Please note that under Federal & FedRAMP regulations, hiring for this role is limited to US citizens only. 

FedRAMP Staff may be subject to customer or third-party background checks up to and including secret clearance if required by their role at SentinelOne.

We are seeking an experienced engineering and operational Manager to lead a Site Reliability Engineering (SRE) team at SentinelOne. As the Manager of SRE, you will manage a team of SRE professionals responsible for ensuring the reliability and scalability of our products and production services, focusing on the experience our customers have in production every day. You will work closely with other engineering teams to identify and address availability, performance, and capacity issues, and you’ll be a key partner for our externally facing teams including Support, Customer Success, and Sales Engineering. This is a highly visible role within S1 with frequent executive communication opportunities, and is a great opportunity to do good work with good people all around the world.

As a team we value:

  • Thinking from first principles, understanding second order impacts 
  • Curiosity to understand new systems, their operating principles and limitations 
  • Strong operational ownership and a desire to reduce toil via automation
  • A drive to learn, especially from prior failures
  • Courage to take risks and make things happen 
  • Empathy and humility to collaborate effectively with peers and across teams
What will you do?
  • Grow and lead a team of SRE professionals, including setting performance goals and measuring deliverables against key metrics, while evolving those metrics as S1 grows and needs develop
  • Invest in data-driven deep triage on recurring issues, collaborating with other engineering teams to identify and address issues related to reliability, performance, and capacity
  • Develop, improve, and implement processes for the full incident lifecycle, including incident management, post-incident analysis, and learning from incidents. Lead incident response efforts, including coordinating with other teams to investigate and resolve customer-impacting incidents 
  • Design support model for SRE regarding service maturity and service ownership, including monitoring and alerting improvements, and SLI / SLO design and implementation
  • Analyze production metrics and signals to identify areas for improvement and take proactive steps to mitigate issues
  • Develop and implement best practices and standards for Site Reliability Engineering, from day-to-day operations to hiring and planning 
  • Communicate effectively with cross-functional teams to ensure alignment on objectives and priorities.

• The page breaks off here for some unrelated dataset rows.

lemma weak_act_iff: "weak_act m a k \<longleftrightarrow> (\<exists>m'. step m (Some a) m' \<and> tau_star m' k)"
proof
  assume "weak_act m a k"
  then obtain m1 m2 where m1: "tau_star m m1" and m2: "step m1 (Some a) m2" "tau_star m2 k"
    by (auto simp: weak_act_def)
  from m1 consider "m1 = m" | "step m None m1" by (auto simp: tau_star_iff)
  then show "\<exists>m'. step m (Some a) m' \<and> tau_star m' k"
  proof cases
    case 2
    \<comment> \<open>a tau step only ever reaches a verdict, which then loops on every action\<close>
    with m2 have "m2 = m1" using step_None_imp_verdict by (fastforce simp: step_Verd_iff)
    with 2 m2 show ?thesis by (blast intro: step_None_imp_step)
  qed (use m2 in blast)
qed (auto simp: weak_act_def tau_star_def)

lemma tau_star_refl: "tau_star m m"
  by (simp add: tau_star_def)

lemma weak_tr_tau_star: "tau_star m m1 \<Longrightarrow> weak_tr m1 s k \<Longrightarrow> weak_tr m s k"
  by (induction m1 s k rule: weak_tr.induct)
    (auto simp: weak_act_def tau_star_def intro: rtranclp_trans)

lemma weak_tr_Cons: "weak_tr m (a # s) k \<longleftrightarrow> (\<exists>m'. step m (Some a) m' \<and> weak_tr m' s k)"
proof (cases s)
  case Nil
  then show ?thesis by (simp add: weak_act_iff)
next
  case (Cons b s')
  then show ?thesis
    by (simp add: weak_act_iff) (meson tau_star_refl weak_tr_tau_star)
qed

definition verdict_lang :: "verdict \<Rightarrow> 'a mon \<Rightarrow> 'a list set" where
  "verdict_lang v m = {s. weak_tr m s (Verd v)}"

lemma La_eq_verdict_lang: "La m = verdict_lang Yes m"
  and Lr_eq_verdict_lang: "Lr m = verdict_lang No m"
  by (simp_all add: La_def Lr_def verdict_lang_def)

lemma Nil_in_verdict_lang_iff: "[] \<in> verdict_lang v m \<longleftrightarrow> step m None (Verd v)"
  by (auto simp: verdict_lang_def tau_star_iff intro: step.verd)

lemma Cons_in_verdict_lang_iff:
  "a # s \<in> verdict_lang v m \<longleftrightarrow> (\<exists>m'. step m (Some a) m' \<and> s \<in> verdict_lang v m')"
  by (simp add: verdict_lang_def weak_tr_Cons)

lemma verdict_lang_Verd: "verdict_lang v (Verd u) = (if u = v then UNIV else {})"
proof -
  have "s \<in> verdict_lang v (Verd u) \<longleftrightarrow> u = v" for s :: "'a list"
    by (induction s) (auto simp: Nil_in_verdict_lang_iff Cons_in_verdict_lang_iff step_Verd_iff)
  then show ?thesis by auto
qed

lemma verdict_lang_Pre: "verdict_lang v (Pre a m) = Cons a ` verdict_lang v m"
proof -
  have "s \<in> verdict_lang v (Pre a m) \<longleftrightarrow> s \<in> Cons a ` verdict_lang v m" for s
    by (cases s) (auto simp: Nil_in_verdict_lang_iff Cons_in_verdict_lang_iff step_Pre_iff)
  then show ?thesis by blast
qed

lemma verdict_lang_Sum: "verdict_lang v (Sum m n) = verdict_lang v m \<union> verdict_lang v n"
proof -
  have "s \<in> verdict_lang v (Sum m n) \<longleftrightarrow> s \<in> verdict_lang v m \<union> verdict_lang v n" for s
    by (cases s) (auto simp: Nil_in_verdict_lang_iff Cons_in_verdict_lang_iff step_Sum_iff)
  then show ?thesis by blast
qed

lemma verdict_lang_append: "s \<in> verdict_lang v m \<Longrightarrow> s @ t \<in> verdict_lang v m"
proof (induction s arbitrary: m)
  case Nil
  then show ?case
    by (cases t) (auto simp: Nil_in_verdict_lang_iff Cons_in_verdict_lang_iff verdict_lang_Verd
        intro: step_None_imp_step)
qed (auto simp: Cons_in_verdict_lang_iff)

primrec acts :: "'a mon \<Rightarrow> 'a set" where
  "acts (Verd v) = {}"
| "acts (Pre a m) = insert a (acts m)"
| "acts (Sum m n) = acts m \<union> acts n"
| "acts (Var x) = {}"

lemma finite_acts: "finite (acts m)"
  by (induction m) auto

lemma acts_step_subset: "step m \<alpha> k \<Longrightarrow> acts k \<subseteq> acts m"
  by (induction rule: step.induct) auto

lemma step_fresh_imp_step_None: "step m (Some b) k \<Longrightarrow> b \<notin> acts m \<Longrightarrow> step m None k"
  by (induction m "Some b" k rule: step.induct) (auto intro: step.intros)

lemma verdict_lang_strip_fresh:
  assumes "set t \<inter> acts m = {}" and "s @ t \<in> verdict_lang v m"
  shows "s \<in> verdict_lang v m"
  using assms
proof (induction s arbitrary: m)
  case Nil
  show ?case
  proof (cases t)
    case (Cons b t')
    \<comment> \<open>a fresh action can only be read by a verdict reached through tau steps\<close>
    with Nil obtain k where "step m (Some b) k" "t' \<in> verdict_lang v k" "b \<notin> acts m"
      by (auto simp: Cons_in_verdict_lang_iff)
    then have "step m None k" by (blast intro: step_fresh_imp_step_None)
    moreover from this obtain u where "k = Verd u" using step_None_imp_verdict by blast
    moreover from this have "u = v"
      using \<open>t' \<in> verdict_lang v k\<close> by (simp add: verdict_lang_Verd split: if_splits)
    ultimately show ?thesis by (simp add: Nil_in_verdict_lang_iff)
  qed (use Nil in simp)
next
  case (Cons a s)
  then show ?case
    using acts_step_subset by (fastforce simp: Cons_in_verdict_lang_iff)
qed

Deliver outcomes, not just stories and tasks. 
What skills and knowledge should you bring?
  • 8+ years of related engineering experience, with at least 2 years in a management role
  • Demonstrated experience leading technical and operational teams at various stages of maturity 
  • Excellent analytical and problem-solving skills
  • Familiarity with modern software development methodologies, tools, and techniques, including CI/CD
  • Experience working with cloud-native applications and large-scale distributed systems, including a working knowledge of technologies such as Kubernetes and Terraform/IaC, and cloud providers such as AWS or GCP
  • Experience with various monitoring and alerting techniques and tools, including frameworks and concepts such as SLOs, OTel and Golden Signals as well as tooling such as Prometheus and Grafana 
  • Extensive experience with incident response and management at various layers of the stack across different business needs and applications, including both hands-on experience leading incidents/post-incident analysis and experience driving broader incident management initiatives 
  • Ability to thrive in a fast-paced, dynamic environment
Why us?

You will be joining a cutting-edge company where you will tackle extraordinary challenges and work with the very best in the industry.

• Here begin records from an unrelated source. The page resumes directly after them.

lemma quad_form_add_unit:
  assumes i: "i < m" and H: "H \<in> carrier_mat m m" "transpose_mat H = H"
  shows "quad_form m H (\<lambda>a. z a + t * (if a = i then 1 else 0))
     = quad_form m H z + 2 * t * (\<Sum>b<m. H $$ (i,b) * z b) + t^2 * H $$ (i,i)"
proof -
  define d where "d = (\<lambda>a::nat. if a = i then 1 else 0::real)"
  have "quad_form m H (\<lambda>a. z a + t * d a) =
    quad_form m H z + t * (\<Sum>a<m. \<Sum>b<m. d a * H $$ (a,b) * z b)
     + t * (\<Sum>a<m. \<Sum>b<m. z a * H $$ (a,b) * d b) + t^2 * (\<Sum>a<m. \<Sum>b<m. d a * H $$ (a,b) * d b)"
    unfolding quad_form_def by (simp add: algebra_simps sum.distrib sum_distrib_left power2_eq_square)
  also have "(\<Sum>a<m. \<Sum>b<m. d a * H $$ (a,b) * z b) = (\<Sum>b<m. H $$ (i,b) * z b)"
    using sum_unit_mult(1)[OF i, of "\<lambda>a. \<Sum>b<m. H $$ (a,b) * z b"]
    by (simp add: d_def sum_distrib_left mult.assoc)
  also have "(\<Sum>a<m. \<Sum>b<m. z a * H $$ (a,b) * d b) = (\<Sum>b<m. H $$ (i,b) * z b)"
  proof -
    have "(\<Sum>a<m. \<Sum>b<m. z a * H $$ (a,b) * d b) = (\<Sum>a<m. z a * H $$ (a,i))"
      unfolding d_def by (simp add: mult.assoc sum_distrib_left[symmetric] sum_unit_mult(2)[OF i])
    also have "\<dots> = (\<Sum>b<m. H $$ (i,b) * z b)"
      using i H by (intro sum.cong) (auto simp: sym_mat_index)
    finally show ?thesis .
  qed
  also have "(\<Sum>a<m. \<Sum>b<m. d a * H $$ (a,b) * d b) = H $$ (i,i)"
    unfolding d_def by (simp add: mult.assoc sum_distrib_left[symmetric] sum_unit_mult[OF i])
  finally show ?thesis by (simp add: d_def)
qed

lemma sum_sq_add_unit:
  fixes z :: "nat \<Rightarrow> real"
  assumes "i < m"
  shows "(\<Sum>a<m. (z a + t * (if a = i then 1 else 0))^2) = (\<Sum>a<m. (z a)^2) + 2 * t * z i + t^2"
proof -
  have "(\<Sum>a<m. (z a + t * (if a = i then 1 else 0))^2) =
     (\<Sum>a<m. (z a)^2 + (2 * t * (if a = i then z a else 0) + (if a = i then t^2 else 0)))"
    by (intro sum.cong) (auto simp: power2_eq_square algebra_simps)
  then show ?thesis
    using assms by (simp add: sum.distrib sum_distrib_left[symmetric])
qed

lemma quad_form_scale: "quad_form m M (\<lambda>a. y a / c) = quad_form m M y / c^2"
  unfolding quad_form_def by (simp add: sum_divide_distrib power2_eq_square algebra_simps)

  • Medical, Vision, Dental, 401(k), Commuter, Health and Dependent FSA
  • Unlimited PTO
  • Industry-leading gender-neutral parental leave
  • Paid Company Holidays
  • Paid Sick Time
  • Employee stock purchase program
  • Disability and life insurance
  • Employee assistance program
  • Gym membership reimbursement
  • Cell phone reimbursement
  • Numerous company-sponsored events, including regular happy hours and team-building events

This U.S. role has a base pay range that will vary based on the location of the candidate. For some locations, a different pay range may apply.  If so, this range will be provided to you during the recruiting process. You can also reach out to the recruiter with any questions.

Base Salary Range
$160,000$200,000 USD

SentinelOne is proud to be an Equal Employment Opportunity and Affirmative Action employer. We do not discriminate based upon race, religion, color, national origin, gender (including pregnancy, childbirth, or related medical conditions), sexual orientation, gender identity, gender expression, age, status as a protected veteran, status as an individual with a disability, or other applicable legally protected characteristics.

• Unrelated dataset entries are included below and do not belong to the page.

text \<open>Weak derivative of a (continuous representative) function on R: g is locally
  integrable and v is its indefinite integral (absolutely continuous representative).\<close>
definition weak_deriv :: "(real \<Rightarrow> complex) \<Rightarrow> (real \<Rightarrow> complex) \<Rightarrow> bool" where
  "weak_deriv v g \<longleftrightarrow> g \<in> borel_measurable lborel \<and>
     (\<forall>a b. a \<le> b \<longrightarrow> set_integrable lborel {a..b} g \<and>
         v b - v a = (LINT t:{a..b}|lborel. g t))"

definition X1 :: "(real \<Rightarrow> complex) \<Rightarrow> bool" where
  "X1 v \<longleftrightarrow> bounded (range v) \<and> (\<exists>g. weak_deriv v g \<and> L2 g) \<and>
     L2 (\<lambda>x. 1 - (norm (v x))\<^sup>2)"

definition H1 :: "(real \<Rightarrow> complex) \<Rightarrow> bool" where
  "H1 w \<longleftrightarrow> L2 w \<and> (\<exists>g. weak_deriv w g \<and> L2 g)"

definition pR :: "(real \<Rightarrow> complex) \<Rightarrow> (real \<Rightarrow> complex) \<Rightarrow> real \<Rightarrow> real" where
  "pR v g R = (1/2) * (LINT x:{-R..R}|lborel. cinner (\<i> * v x) (g x))
               - (1/2) * (Arg (v R) - Arg (v (-R)))"

text \<open>Convergence in R/(pi Z) as R \<rightarrow> \<infinity>, via the homeomorphism R/(pi Z) \<cong> S^1, x \<mapsto> exp(2ix).\<close>
definition momentum_is :: "(real \<Rightarrow> complex) \<Rightarrow> (real \<Rightarrow> complex) \<Rightarrow> real \<Rightarrow> bool" where
  "momentum_is v g p \<longleftrightarrow> ((\<lambda>R. cis (2 * pR v g R)) \<longlongrightarrow> cis (2 * p)) at_top"

end

(*
  Write V = V0 + w.  Since w and its derivative are square integrable, |w|^2 has an
  integrable derivative, so w is continuous, bounded and tends to 0 at both ends; then
  1 - |V|^2 = (1 - |V0|^2) - 2 Re (V0 conj w) - |w|^2 is square integrable and V lies in X^1.

  For the momentum, expand the truncated integral of <iV, V'> bilinearly.  The product rule
  for absolutely continuous functions (proved with Fubini on a triangle) turns the cross term
  \<integral><iV0, w'> into \<integral><iw, V0'> plus the boundary term Re (i V0 conj w) between -R and R,
  which vanishes as R \<rightarrow> \<infinity>.  The phase corrections change by
  Arg V0(\<plusminus>R) - Arg V(\<plusminus>R), which tends to 0 modulo 2\<pi> because |V0| \<rightarrow> 1 while w \<rightarrow> 0.
*)

theory Submission
  imports Defs
begin

section \<open>Weak derivatives\<close>

lemma weak_derivD:
  assumes "weak_deriv v g" "a \<le> b"
  shows "integrable lborel (\<lambda>t. indicator {a..b} t *\<^sub>R g t)"
    and "v b - v a = (\<integral>t. indicator {a..b} t *\<^sub>R g t \<partial>lborel)"
  using assms unfolding weak_deriv_def set_integrable_def set_lebesgue_integral_def by auto

lemma weak_derivI:
  assumes "g \<in> borel_measurable lborel"
    and "\<And>a b. a \<le> b \<Longrightarrow> integrable lborel (\<lambda>t. indicator {a..b} t *\<^sub>R g t)"
    and "\<And>a b. a \<le> b \<Longrightarrow> v b - v a = (\<integral>t. indicator {a..b} t *\<^sub>R g t \<partial>lborel)"
  shows "weak_deriv v g"
  using assms unfolding weak_deriv_def set_integrable_def set_lebesgue_integral_def by auto

lemma weak_deriv_measurable:
  "weak_deriv v g \<Longrightarrow> g \<in> borel_measurable lborel"
  unfolding weak_deriv_def by auto

lemma weak_deriv_continuous:
  assumes "weak_deriv v g"
  shows "continuous_on UNIV v"
proof (rule continuous_at_imp_continuous_on, intro ballI)
  fix x :: real
  have int: "set_integrable lborel {x - 1..y} g" and eq: "v y = v (x - 1) + integral {x - 1..y} g"
    if "x - 1 \<le> y" for y
  proof -
    show si: "set_integrable lborel {x - 1..y} g"
      using assms that unfolding weak_deriv_def by auto
    have "v y - v (x - 1) = (LINT t:{x - 1..y}|lborel. g t)"
      using assms that unfolding weak_deriv_def by auto
    then show "v y = v (x - 1) + integral {x - 1..y} g"
      by (simp add: set_borel_integral_eq_integral(2)[OF si] algebra_simps)
  qed
  have "continuous_on {x - 1..x + 1} (\<lambda>y. v (x - 1) + integral {x - 1..y} g)"
    by (intro continuous_intros indefinite_integral_continuous_1
        set_borel_integral_eq_integral(1) int) simp
  then have "continuous_on {x - 1..x + 1} v"
    by (rule continuous_on_eq) (metis atLeastAtMost_iff eq)
  then show "isCont v x"
    by (rule continuous_on_interior) (auto simp: interior_atLeastAtMost_real)
qed

lemma weak_deriv_borel_measurable:
  "weak_deriv v g \<Longrightarrow> v \<in> borel_measurable borel"
  using weak_deriv_continuous borel_measurable_continuous_onI by blast

lemma borel_measurable_cnj [measurable (raw)]:
  "f \<in> borel_measurable M \<Longrightarrow> (\<lambda>x. cnj (f x)) \<in> borel_measurable M"
  by (rule borel_measurable_continuous_on[OF continuous_on_cnj[OF continuous_on_id]])

lemma weak_deriv_bounded_linear:
  assumes L: "bounded_linear L" and v: "weak_deriv v g"
  shows "weak_deriv (\<lambda>x. L (v x)) (\<lambda>x. L (g x))"
proof (rule weak_derivI)
  interpret L: bounded_linear L by (fact L)
  have ind: "(\<lambda>t. indicator {a..b} t *\<^sub>R L (g t)) = (\<lambda>t. L (indicator {a..b} t *\<^sub>R g t))" for a b
    by (simp add: L.scaleR)
  show "(\<lambda>x. L (g x)) \<in> borel_measurable lborel"
    using L.continuous_on[OF continuous_on_id] weak_deriv_measurable[OF v]
    by (rule borel_measurable_continuous_on)
  fix a b :: real
  assume ab: "a \<le> b"
  show "integrable lborel (\<lambda>t. indicator {a..b} t *\<^sub>R L (g t))"
    unfolding ind by (rule integrable_bounded_linear[OF L weak_derivD(1)[OF v ab]])
  show "L (v b) - L (v a) = (\<integral>t. indicator {a..b} t *\<^sub>R L (g t) \<partial>lborel)"
    unfolding ind integral_bounded_linear[OF L weak_derivD(1)[OF v ab]] weak_derivD(2)[OF v ab, symmetric]
    by (rule L.diff[symmetric])
qed

lemma weak_deriv_add:
  assumes u: "weak_deriv u f" and v: "weak_deriv v h"
  shows "weak_deriv (\<lambda>x. u x + v x) (\<lambda>x. f x + h x)"
proof (rule weak_derivI)
  show "(\<lambda>x. f x + h x) \<in> borel_measurable lborel"
    using weak_deriv_measurable[OF u] weak_deriv_measurable[OF v] by measurable
  fix a b :: real
  assume ab: "a \<le> b"
  note f = weak_derivD[OF u ab] and h = weak_derivD[OF v ab]
  show "integrable lborel (\<lambda>t. indicator {a..b} t *\<^sub>R (f t + h t))"
    using f h by (simp add: scaleR_add_right)
  show "u b + v b - (u a + v a) = (\<integral>t. indicator {a..b} t *\<^sub>R (f t + h t) \<partial>lborel)"
    using f h by (simp add: scaleR_add_right Bochner_Integration.integral_add f(2)[symmetric] h(2)[symmetric])
qed

lemma weak_deriv_diff:
  assumes "weak_deriv u f" "weak_deriv v h"
  shows "weak_deriv (\<lambda>x. u x - v x) (\<lambda>x. f x - h x)"
  using weak_deriv_add[OF assms(1) weak_deriv_bounded_linear[OF bounded_linear_minus[OF bounded_linear_ident] assms(2)]]
  by simp

lemma weak_deriv_const: "weak_deriv (\<lambda>x. c) (\<lambda>x. 0)"
  by (rule weak_derivI) auto

lemma weak_deriv_cnj:
  "weak_deriv v g \<Longrightarrow> weak_deriv (\<lambda>x. cnj (v x)) (\<lambda>x. cnj (g x))"
  by (rule weak_deriv_bounded_linear[OF bounded_linear_cnj])

lemma integrable_interval_mult_continuous:
  fixes f c :: "real \<Rightarrow> 'a::{real_normed_field, banach, second_countable_topology}"
  assumes f: "integrable lborel (\<lambda>t. indicator {a..b} t *\<^sub>R f t)"
    and c: "continuous_on UNIV c" and [measurable]: "f \<in> borel_measurable borel"
  shows "integrable lborel (\<lambda>t. indicator {a..b} t *\<^sub>R (f t * c t))"
proof -
  have "compact (c ` {a..b})"
    by (rule compact_continuous_image) (auto intro: continuous_on_subset[OF c])
  then obtain B where B: "\<And>x. x \<in> {a..b} \<Longrightarrow> norm (c x) \<le> B"
    by (meson compact_imp_bounded bounded_iff imageI)
  have [measurable]: "c \<in> borel_measurable borel"
    using c by (rule borel_measurable_continuous_onI)
  show ?thesis
  proof (rule Bochner_Integration.integrable_bound[OF integrable_scaleR_right[OF f, of B]])
    show "AE x in lborel. norm (indicator {a..b} x *\<^sub>R (f x * c x)) \<le> norm (B *\<^sub>R (indicator {a..b} x *\<^sub>R f x))"
    proof (rule AE_I2)
      fix x
      show "norm (indicator {a..b} x *\<^sub>R (f x * c x)) \<le> norm (B *\<^sub>R (indicator {a..b} x *\<^sub>R f x))"
      proof (cases "x \<in> {a..b}")
        case True
        then have "0 \<le> B"
          using B norm_ge_zero order_trans by blast
        with True show ?thesis
          using mult_right_mono[OF B[OF True] norm_ge_zero[of "f x"]] by (simp add: norm_mult mult.commute)
      qed simp
    qed
  qed measurable
qed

SentinelOne participates in the E-Verify Program for all U.S. based roles. 

Top Skills

AWS
Ci/Cd
GCP
Grafana
Kubernetes
Prometheus
Terraform
Am I A Good Fit?
beta
Get Personalized Job Insights.
Our AI-powered fit analysis compares your resume with a job listing so you know if your skills & experience align.

The Company
HQ: Mountain View, CA
2,830 Employees
Year Founded: 2013

What We Do

SentinelOne is a leading provider of autonomous security solutions for endpoint, cloud, and identity environments. Founded in 2013 by a team of cybersecurity and defense experts, SentinelOne revolutionized endpoint protection with a new, AI-powered approach. Our platform unifies prevention, detection, response, remediation, and forensics in a single, easy-to-use solution.
Our endpoint security product is designed to protect your organization's endpoints from known and unknown threats, including malware, ransomware, and APTs. It uses artificial intelligence to continuously learn and adapt to new threats, providing real-time protection and automated response capabilities.

SentinelOne's approach to security is designed to help organizations secure their assets with speed and simplicity. We provide the ability to detect malicious behavior across multiple vectors, rapidly eliminate threats with fully-automated integrated response, and adapt their defenses against the most advanced cyberattacks.

We are recognized by Gartner in the Endpoint Protection Magic Quadrant as a Leader and have enterprise customers worldwide. Our customers include some of the world's largest companies in various industries such as finance, healthcare, government, and more.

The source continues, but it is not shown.